__WORK INSTRUCTIONS__. From the listing below, select every line where the word "forms" appears.

__STUDY MATERIAL__.
________

(* Let $k\ge 3$ and $n_1=\cdots=n_k\ge 2$. The number of distinct isomorphism classes of graphs in the LC orbit $\mathcal{O}(K_{n_1,\dots,n_k})$ is $\lfloor k/2\rfloor+k+1$.
   Context: $K_{n_1,\dots,n_k}$ is the complete $k$-partite graph with parts of sizes $n_1,\dots,n_k$. The local complement $c_v(G)$ complements the edges among the neighbours of $v$; $\mathcal{O}(G)$ is the set of all graphs on the labelled vertex set $V(G)$ obtainable from $G$ by finite sequences of local complements. *)

theory Defs
  imports Main
begin

text \<open>Simple graphs on a labelled vertex set V are given by a symmetric, irreflexive
edge predicate E that only relates vertices of V.\<close>

definition local_comp :: "('a \<Rightarrow> 'a \<Rightarrow> bool) \<Rightarrow> 'a \<Rightarrow> ('a \<Rightarrow> 'a \<Rightarrow> bool)" where
  "local_comp E v = (\<lambda>x y. if x \<noteq> y \<and> E v x \<and> E v y then \<not> E x y else E x y)"

inductive_set lc_orbit :: "'a set \<Rightarrow> ('a \<Rightarrow> 'a \<Rightarrow> bool) \<Rightarrow> ('a \<Rightarrow> 'a \<Rightarrow> bool) set"
  for V G where
  base: "G \<in> lc_orbit V G"
| step: "H \<in> lc_orbit V G \<Longrightarrow> v \<in> V \<Longrightarrow> local_comp H v \<in> lc_orbit V G"

definition graph_iso :: "'a set \<Rightarrow> ('a \<Rightarrow> 'a \<Rightarrow> bool) \<Rightarrow> ('a \<Rightarrow> 'a \<Rightarrow> bool) \<Rightarrow> bool" where
  "graph_iso V E F \<longleftrightarrow> (\<exists>f. bij_betw f V V \<and> (\<forall>x\<in>V. \<forall>y\<in>V. E x y \<longleftrightarrow> F (f x) (f y)))"

definition kpart_verts :: "nat \<Rightarrow> nat \<Rightarrow> (nat \<times> nat) set" where
  "kpart_verts k n = {0..<k} \<times> {0..<n}"

definition complete_kpartite :: "nat \<Rightarrow> nat \<Rightarrow> (nat \<times> nat) \<Rightarrow> (nat \<times> nat) \<Rightarrow> bool" where
  "complete_kpartite k n = (\<lambda>x y. x \<in> kpart_verts k n \<and> y \<in> kpart_verts k n \<and> fst x \<noteq> fst y)"

definition num_iso_classes :: "'a set \<Rightarrow> ('a \<Rightarrow> 'a \<Rightarrow> bool) set \<Rightarrow> nat" where
  "num_iso_classes V S = card (S // {(E, F). E \<in> S \<and> F \<in> S \<and> graph_iso V E F})"

end

theory Submission
  imports Defs "HOL-Combinatorics.Permutations"
begin

(* Local complementation never destroys the block structure of K_{n,...,n}: every graph in
   the orbit is a normal form in which the graph on the k parts is complete or a star, and
   each part is independent, a clique, or a star inside the part whose centre alone has
   neighbours outside.  Reachable normal forms obey a parity constraint between the shape of
   the part graph, the kinds of the parts and the number s of star parts.  Two normal forms
   are isomorphic iff they agree on the shape and on s, and both are graph invariants:
   the leaves are the s(n-1) non-centres of star parts, and the part graph is a star iff some
   two non-adjacent non-leaves are not twins.  The complete shape occurs exactly for even
   s <= k and the star shape exactly for s < k, giving k div 2 + 1 + k classes. *)

section \<open>Isomorphism invariants\<close>

definition is_leaf :: "'a set \<Rightarrow> ('a \<Rightarrow> 'a \<Rightarrow> bool) \<Rightarrow> 'a \<Rightarrow> bool" where
  "is_leaf V E x \<longleftrightarrow> (\<exists>z\<in>V. E x z \<and> (\<forall>w\<in>V. E x w \<longrightarrow> w = z))"

definition leaves :: "'a set \<Rightarrow> ('a \<Rightarrow> 'a \<Rightarrow> bool) \<Rightarrow> 'a set" where
  "leaves V E = {x \<in> V. is_leaf V E x}"

definition has_nonadjacent_nontwins :: "'a set \<Rightarrow> ('a \<Rightarrow> 'a \<Rightarrow> bool) \<Rightarrow> bool" where
  "has_nonadjacent_nontwins V E \<longleftrightarrow> (\<exists>x\<in>V. \<exists>y\<in>V. x \<noteq> y \<and> \<not> E x y \<and>
     \<not> is_leaf V E x \<and> \<not> is_leaf V E y \<and> (\<exists>w\<in>V. E x w \<noteq> E y w))"

definition iso_signature :: "'a set \<Rightarrow> ('a \<Rightarrow> 'a \<Rightarrow> bool) \<Rightarrow> bool \<times> nat" where
  "iso_signature V E = (has_nonadjacent_nontwins V E, card (leaves V E))"

lemma not_leaf_if_two_neighbours:
  "y \<in> V \<Longrightarrow> z \<in> V \<Longrightarrow> y \<noteq> z \<Longrightarrow> E x y \<Longrightarrow> E x z \<Longrightarrow> \<not> is_leaf V E x"
  unfolding is_leaf_def by metis

context
  fixes f :: "'a \<Rightarrow> 'a" and V :: "'a set" and E F :: "'a \<Rightarrow> 'a \<Rightarrow> bool"
  assumes bij: "bij_betw f V V"
    and edges: "\<forall>x\<in>V. \<forall>y\<in>V. E x y \<longleftrightarrow> F (f x) (f y)"
begin

private lemma image_eq: "f ` V = V"
  using bij by (simp add: bij_betw_def)

private lemma inj_iff: "x \<in> V \<Longrightarrow> y \<in> V \<Longrightarrow> f x = f y \<longleftrightarrow> x = y"
  using bij by (auto simp: bij_betw_def dest: inj_onD)

private lemma edge_iff: "x \<in> V \<Longrightarrow> y \<in> V \<Longrightarrow> F (f x) (f y) \<longleftrightarrow> E x y"
  using edges by blast

lemma is_leaf_iso_iff:
  assumes "x \<in> V"
  shows "is_leaf V F (f x) \<longleftrightarrow> is_leaf V E x"
proof -
  have "is_leaf V F (f x) \<longleftrightarrow> (\<exists>z\<in>f ` V. F (f x) z \<and> (\<forall>w\<in>f ` V. F (f x) w \<longrightarrow> w = z))"
    by (simp only: is_leaf_def image_eq)
  also have "\<dots> \<longleftrightarrow> is_leaf V E x"
    using assms by (simp add: is_leaf_def edge_iff inj_iff)
  finally show ?thesis .
qed

lemma leaves_iso: "leaves V F = f ` leaves V E"
proof -
  have "leaves V F = {y \<in> f ` V. is_leaf V F y}"
    by (simp only: leaves_def image_eq)
  also have "\<dots> = f ` leaves V E"
    by (auto simp: leaves_def is_leaf_iso_iff)
  finally show ?thesis .
qed

lemma has_nonadjacent_nontwins_iso_iff:
  "has_nonadjacent_nontwins V F \<longleftrightarrow> has_nonadjacent_nontwins V E"
proof -
  have "has_nonadjacent_nontwins V F \<longleftrightarrow> (\<exists>x\<in>f ` V. \<exists>y\<in>f ` V. x \<noteq> y \<and> \<not> F x y \<and>
     \<not> is_leaf V F x \<and> \<not> is_leaf V F y \<and> (\<exists>w\<in>f ` V. F x w \<noteq> F y w))"
    by (simp only: has_nonadjacent_nontwins_def image_eq)
  also have "\<dots> \<longleftrightarrow> has_nonadjacent_nontwins V E"
    by (simp add: has_nonadjacent_nontwins_def edge_iff inj_iff is_leaf_iso_iff)
  finally show ?thesis .
qed

end

lemma iso_signature_eq_if_graph_iso:
  assumes "graph_iso V E F"
  shows "iso_signature V E = iso_signature V F"
proof -
  obtain f where f: "bij_betw f V V" "\<forall>x\<in>V. \<forall>y\<in>V. E x y \<longleftrightarrow> F (f x) (f y)"
    using assms unfolding graph_iso_def by blast
  have "inj_on f (leaves V E)"
    using f(1) by (rule inj_on_subset[OF bij_betw_imp_inj_on]) (simp add: leaves_def)
  then show ?thesis
    by (simp add: iso_signature_def has_nonadjacent_nontwins_iso_iff[OF f]
        leaves_iso[OF f] card_image)
qed

lemma card_quotient_eq_card_image:
  assumes "\<forall>x\<in>S. \<forall>y\<in>S. R x y \<longleftrightarrow> g x = g y"
  shows "card (S // {(x, y). x \<in> S \<and> y \<in> S \<and> R x y}) = card (g ` S)"
proof -
  let ?r = "{(x, y). x \<in> S \<and> y \<in> S \<and> R x y}"
  let ?fibre = "\<lambda>v. {y \<in> S. g y = v}"
  have "S // ?r = (\<lambda>x. ?r `` {x}) ` S"
    unfolding quotient_def by auto
  also have "\<dots> = (\<lambda>x. ?fibre (g x)) ` S"
    using assms by (intro image_cong) auto
  also have "\<dots> = ?fibre ` g ` S"
    by (simp add: image_image)
  finally have "S // ?r = ?fibre ` g ` S" .
  moreover have "inj_on ?fibre (g ` S)"
    by (rule inj_onI) blast
  ultimately show ?thesis
    by (simp add: card_image)
qed

section \<open>Normal forms of the orbit\<close>

datatype part_kind = Indep | Clique | Star

text \<open>The graph on the parts is complete for \<^term>\<open>None\<close> and a star centred at part
  \<open>i\<close> for \<^term>\<open>Some i\<close>.\<close>

definition quot_adj :: "nat option \<Rightarrow> nat \<Rightarrow> nat \<Rightarrow> bool" where
  "quot_adj q j l \<longleftrightarrow> j \<noteq> l \<and> (case q of None \<Rightarrow> True | Some i \<Rightarrow> j = i \<or> l = i)"

definition quot_lc :: "nat option \<Rightarrow> nat \<Rightarrow> nat option" where
  "quot_lc q i = (case q of None \<Rightarrow> Some i | Some i0 \<Rightarrow> if i = i0 then None else Some i0)"

fun kind_toggle :: "part_kind \<Rightarrow> part_kind" where
  "kind_toggle Indep = Clique" | "kind_toggle Clique = Indep" | "kind_toggle Star = Star"

fun kind_lc_own :: "part_kind \<Rightarrow> part_kind" where
  "kind_lc_own Indep = Indep" | "kind_lc_own Clique = Star" | "kind_lc_own Star = Clique"

definition lc_kinds :: "nat option \<Rightarrow> (nat \<Rightarrow> part_kind) \<Rightarrow> nat \<Rightarrow> nat \<Rightarrow> part_kind" where
  "lc_kinds q t i j =
     (if j = i then kind_lc_own (t i) else if quot_adj q i j then kind_toggle (t j) else t j)"

text \<open>A part \<open>i\<close> of kind \<^term>\<open>Star\<close> is a star with centre \<open>(i, c i)\<close>, and only
  this centre has neighbours in other parts; for the other kinds \<open>c i\<close> is irrelevant.\<close>

definition nf_graph :: "nat \<Rightarrow> nat \<Rightarrow> nat option \<Rightarrow> (nat \<Rightarrow> part_kind) \<Rightarrow> (nat \<Rightarrow> nat)
    \<Rightarrow> nat \<times> nat \<Rightarrow> nat \<times> nat \<Rightarrow> bool" where
  "nf_graph k n q t c x y \<longleftrightarrow> x \<in> kpart_verts k n \<and> y \<in> kpart_verts k n \<and> x \<noteq> y \<and>
     (if fst x = fst y
      then t (fst x) = Clique \<or> t (fst x) = Star \<and> (snd x = c (fst x) \<or> snd y = c (fst y))
      else quot_adj q (fst x) (fst y) \<and> (t (fst x) = Star \<longrightarrow> snd x = c (fst x))
        \<and> (t (fst y) = Star \<longrightarrow> snd y = c (fst y)))"

definition star_parts :: "nat \<Rightarrow> (nat \<Rightarrow> part_kind) \<Rightarrow> nat set" where
  "star_parts k t = {j. j < k \<and> t j = Star}"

________

__SOLUTION FOR THIS EXERCISE__.
   neighbours outside.  Reachable normal forms obey a parity constraint between the shape of
   the part graph, the kinds of the parts and the number s of star parts.  Two normal forms
section \<open>Normal forms of the orbit\<close>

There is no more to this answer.